Where did I get them? In many situations, there is absolutely no practical way by which you can conclusively determine where the bedbugs came from. Bedbug infestations seem to most often center around domestic and international travel, but you may have to live without knowing. My gas stove or radiator could explode and kill me and/or ruin my stuff; any number of things is possible. You prepare for the worst and deal with it when it arrives, but by sheer force of will, you don’t let it kill your spirit or drive you batty.
Why is this happening to me? They’re not doing this out of any sense of malice or desire to hurt you. They’re not that smart. What do we want from life? Well, we want shelter, and we want food in our stomachs, and many of us want to procreate. That’s all the bedbugs are trying to do. They want to eat food, and our carbon dioxide and warmth sends the same mental signals to them as the smell of a good turkey dinner does to us. Now, if they continue to live, their life drastically interferes with our own, since they’re parasites; we can’t give them the luxury of letting them live their lives like they want. But they’re not maliciously chuckling and actively trying to hurt you specifically — they’re just trying to do their thing. Realizing that helped me feel a little better — it helped stop me picturing them as this massive evil force ruining my life. I will also say this: when I dealt with my infestation, an odd quirk of fate helped me — at the time I was dealing with my own bedbug problem, Katrina was occurring, and it helped me realize that as scary as this was for me, there were many more godawful things I could have been forced to deal with. There are soldiers in Iraq, for example, who would love to have their only problem right now be a bedbug infestation.
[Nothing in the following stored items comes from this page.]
text \<open>Subduction: if every leading term of \<open>A\<close> is the leading term of an element of
  \<open>subalg S\<close>, subtracting it lowers the leading monomial, which terminates because the
  lexicographic order on monomials in finitely many variables is well-founded.\<close>

lemma subset_subalg_by_subduction:
  assumes subalg_subset: "subalg S \<subseteq> A"
    and diff: "\<And>p q. p \<in> A \<Longrightarrow> q \<in> A \<Longrightarrow> p - q \<in> A"
    and bounded: "\<And>f. f \<in> A \<Longrightarrow> f \<noteq> 0 \<Longrightarrow> keys (lead_monom f) \<subseteq> {..<n}"
    and lead_term: "\<And>f. f \<in> A \<Longrightarrow> f \<noteq> 0 \<Longrightarrow>
      \<exists>q\<in>subalg S. lead_monom q = lead_monom f \<and> lead_coeff q = lead_coeff f"
  shows "A \<subseteq> subalg S"
proof
  let ?measure = "\<lambda>f. map (lookup (lead_monom f)) [0..<n]"
  have zero: "0 \<in> subalg S"
    using subalg.const[of 0 S] by (simp add: Const_def)
  fix f assume "f \<in> A"
  then show "f \<in> subalg S"
  proof (induction f rule: wf_induct_rule[OF wf_inv_image[OF wf_lex[OF wf_less_than], of ?measure]])
    case (1 f)
    show ?case
    proof (cases "f = 0")
      case False
      then obtain q where q: "q \<in> subalg S" "lead_monom q = lead_monom f" "lead_coeff q = lead_coeff f"
        using lead_term "1.prems" by blast
      have "f - q \<in> subalg S"
      proof (cases "f = q")
        case False
        then have "lead_monom (f - q) < lead_monom f"
          using lead_monom_diff_less q(2,3) by blast
        then have "(f - q, f) \<in> inv_image (lex less_than) ?measure"
          using monom_less_imp_lex bounded[OF "1.prems" \<open>f \<noteq> 0\<close>] by simp
        moreover have "f - q \<in> A"
          using diff "1.prems" q(1) subalg_subset by blast
        ultimately show ?thesis
          using "1.IH" by blast
      qed (simp add: zero)
      then show ?thesis
        using q(1) subalg.add[of "f - q" S q] by simp
    qed (simp add: zero)
  qed
qed

section \<open>Exchange of exponents\<close>

lemma lookup_Var_mult:
  "lookup (Var a * q) n = (if 0 < lookup n a then lookup q (n - unit_monom a) else 0)"
proof -
  have "lookup (Var a * q) n = (\<Sum>v\<in>keys q. lookup q v when unit_monom a + v = n)"
    unfolding mult_eq_sum_monoms[of "Var a" q] by (simp add: Var_def lookup_sum lookup_single)
  also have "\<dots> = (\<Sum>v\<in>keys q. if v = n - unit_monom a \<and> 0 < lookup n a then lookup q v else 0)"
  proof (intro sum.cong refl)
    fix v
    have "unit_monom a + v = n \<longleftrightarrow> v = n - unit_monom a \<and> 0 < lookup n a"
    proof
      assume "unit_monom a + v = n"
      then show "v = n - unit_monom a \<and> 0 < lookup n a"
        by (auto simp: lookup_add)
    next
      assume "v = n - unit_monom a \<and> 0 < lookup n a"
      then show "unit_monom a + v = n"
        using add_unit_monom_diff[of n a] by (metis add.commute)
    qed
    then show "(lookup q v when unit_monom a + v = n)
        = (if v = n - unit_monom a \<and> 0 < lookup n a then lookup q v else 0)"
      by simp
  qed
  also have "\<dots> = (if 0 < lookup n a then lookup q (n - unit_monom a) else 0)"
    by (cases "0 < lookup n a") (simp_all add: in_keys_iff)
  finally show ?thesis .
qed

text \<open>Compare the coefficients of \<open>m - unit_monom i + unit_monom a\<close> on both sides.\<close>

lemma keys_exchange_if_partial_deriv_eq:
  assumes eq: "Var a * partial_deriv i f = Var b * partial_deriv j f"
    and "m \<in> keys f" "0 < lookup m i"
  shows "0 < lookup (m - unit_monom i + unit_monom a) b"
    and "m - unit_monom i + unit_monom a - unit_monom b + unit_monom j \<in> keys f"
proof -
  let ?n = "m - unit_monom i + unit_monom a"
  have "lookup (Var a * partial_deriv i f) ?n = of_nat (lookup m i) * lookup f m"
    using assms(3) add_unit_monom_diff[OF assms(3)]
    by (simp add: lookup_Var_mult lookup_partial_deriv lookup_add lookup_minus)
  then have "lookup (Var b * partial_deriv j f) ?n \<noteq> 0"
    using eq assms(2,3) by (simp add: in_keys_iff)
  then show "0 < lookup ?n b" "?n - unit_monom b + unit_monom j \<in> keys f"
    by (simp_all add: lookup_Var_mult lookup_partial_deriv in_keys_iff split: if_splits)
qed

lemma lead_monom_exponent_eq_0_if_partial_deriv_eq:
  assumes eq: "Var a * partial_deriv i f = Var b * partial_deriv j f"
    and "a < b" "a < i" "a < j" "f \<noteq> 0"
  shows "lookup (lead_monom f) i = 0"
proof (rule ccontr)
  let ?m = "lead_monom f"
  let ?n = "?m - unit_monom i + unit_monom a - unit_monom b + unit_monom j"
  assume "lookup ?m i \<noteq> 0"
  then have "?n \<in> keys f"
    using keys_exchange_if_partial_deriv_eq(2)[OF eq lead_monom_in_keys[OF \<open>f \<noteq> 0\<close>]] by simp
  moreover have "?m < ?n"
    by (rule monom_lessI[of a])
       (use assms(2-4) in \<open>auto simp: lookup_add lookup_minus lookup_single when_def\<close>)
  ultimately show False
    using le_lead_monom leD by blast
qed

lemma exponent_le_if_partial_deriv_eq:
  assumes eq: "Var a * partial_deriv i f = Var b * partial_deriv j f"
    and "distinct [a, b, i, j]" "m \<in> keys f"
  shows "lookup m i \<le> lookup m b"
  using assms(3)
proof (induction "lookup m i" arbitrary: m)
  case 0
  then show ?case
    by simp
next
  case (Suc k)
  let ?n = "m - unit_monom i + unit_monom a - unit_monom b + unit_monom j"
  have "0 < lookup m i"
    using Suc.hyps(2) by simp
  then have "0 < lookup m b" "?n \<in> keys f"
    using keys_exchange_if_partial_deriv_eq[OF eq Suc.prems] assms(2)
    by (auto simp: lookup_add lookup_minus lookup_single when_def)
  moreover have "lookup ?n i = k" "lookup ?n b = lookup m b - 1"
    using Suc.hyps(2) assms(2) by (auto simp: lookup_add lookup_minus lookup_single when_def)
  ultimately show ?case
    using Suc.hyps(1)[of ?n] Suc.hyps(2) by simp
qed

section \<open>The invariant algebra\<close>

definition omega_dot_v :: rpoly where
  "omega_dot_v = Var 0 * Var 3 + Var 1 * Var 4 + Var 2 * Var 5"

lemma in_R6_add: "in_R6 p \<Longrightarrow> in_R6 q \<Longrightarrow> in_R6 (p + q)"
  using keys_add[of p q] by (auto simp: in_R6_def)

lemma in_R6_diff: "in_R6 p \<Longrightarrow> in_R6 q \<Longrightarrow> in_R6 (p - q)"
  using keys_diff[of p q] by (auto simp: in_R6_def)

lemma in_R6_mult:
  assumes "in_R6 p" "in_R6 q"
  shows "in_R6 (p * q)"
  unfolding in_R6_def
proof
  fix m assume "m \<in> keys (p * q)"
  then obtain u v where "u \<in> keys p" "v \<in> keys q" "m = u + v"
    using keys_mult[of p q] by blast
  then show "keys m \<subseteq> {..<6}"
    using assms keys_add[of u v] unfolding in_R6_def by blast
qed

lemma in_R6_Const: "in_R6 (Const c)"
  by (simp add: in_R6_def Const_def)

lemma in_R6_Var: "i < 6 \<Longrightarrow> in_R6 (Var i)"
  by (simp add: in_R6_def Var_def)

lemma invariant_alg_add: "p \<in> invariant_alg \<Longrightarrow> q \<in> invariant_alg \<Longrightarrow> p + q \<in> invariant_alg"
  by (simp add: invariant_alg_def in_R6_add eval_add)

lemma invariant_alg_diff: "p \<in> invariant_alg \<Longrightarrow> q \<in> invariant_alg \<Longrightarrow> p - q \<in> invariant_alg"
  by (simp add: invariant_alg_def in_R6_diff eval_diff)

lemma invariant_alg_mult: "p \<in> invariant_alg \<Longrightarrow> q \<in> invariant_alg \<Longrightarrow> p * q \<in> invariant_alg"
  by (simp add: invariant_alg_def in_R6_mult eval_mult)

lemma Const_in_invariant_alg: "Const c \<in> invariant_alg"
  by (simp add: invariant_alg_def in_R6_Const)

lemma Var_in_invariant_alg: "i < 3 \<Longrightarrow> Var i \<in> invariant_alg"
  by (simp add: invariant_alg_def in_R6_Var act_def)

lemma omega_dot_v_in_invariant_alg: "omega_dot_v \<in> invariant_alg"
  by (simp add: invariant_alg_def omega_dot_v_def in_R6_add in_R6_mult in_R6_Var eval_add eval_mult
      act_def algebra_simps)

lemma subalg_subset_invariant_alg:
  assumes "S \<subseteq> invariant_alg"
  shows "subalg S \<subseteq> invariant_alg"
proof
  fix p assume "p \<in> subalg S"
  then show "p \<in> invariant_alg"
    by induction (use assms in \<open>auto intro: Const_in_invariant_alg invariant_alg_add invariant_alg_mult\<close>)
qed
I’m moving out of my infested apartment. I see you moved without bringing them along. How can I do that? I do not think there is a way you can be 100% sure that you move and leave all your bedbugs behind. Luck is involved. You can, however, minimize your chances as best you can. Essentially, what I did was to do everything I could to maximize the chances of me getting away bedbug-free. What I did was ask my exterminator how long the poison would be effective. I then resolved to move before the poison “expired,” which for me was about six to eight weeks after spraying. Spraying for bedbugs usually involves emptying bookshelves and videoshelves, so that each crack and crevice of furniture can be sprayed. After the spraying, I unpacked everything (despite my upcoming move) so that any bedbugs that might’ve been in any of the things I packed up (between books’ pages, etc.) would hunger, seek me out as food, cross the poison, and die. I then, shortly before my move, repacked, left, and crossed my fingers. I was able to keep my clothes in another, supposedly uninfested apartment next door after they were cleaned, although I had to move them back before I moved. That is pretty much all I did. It is also going to be a function both of the size of your infestation and of luck. If you have a lighter infestation, it’s fair (I think, in my layman’s opinion) to say that your chances of moving without bringing them with you are better than if the infestation is, say, heavy. It also really is a matter of luck. From what I understand, there are people who have left behind everything they’ve owned — literally everything, even dressing in rather skimpy clothes — and still somehow manage to either (a) bring the bugs with them, or (b) have stumbled into a new infestation. That’s not something that happens each and every time, of course; in fact, my impression is that that sort of bad luck is a rare event. But I mention it only to convey that there is a certain degree to which you cannot control this.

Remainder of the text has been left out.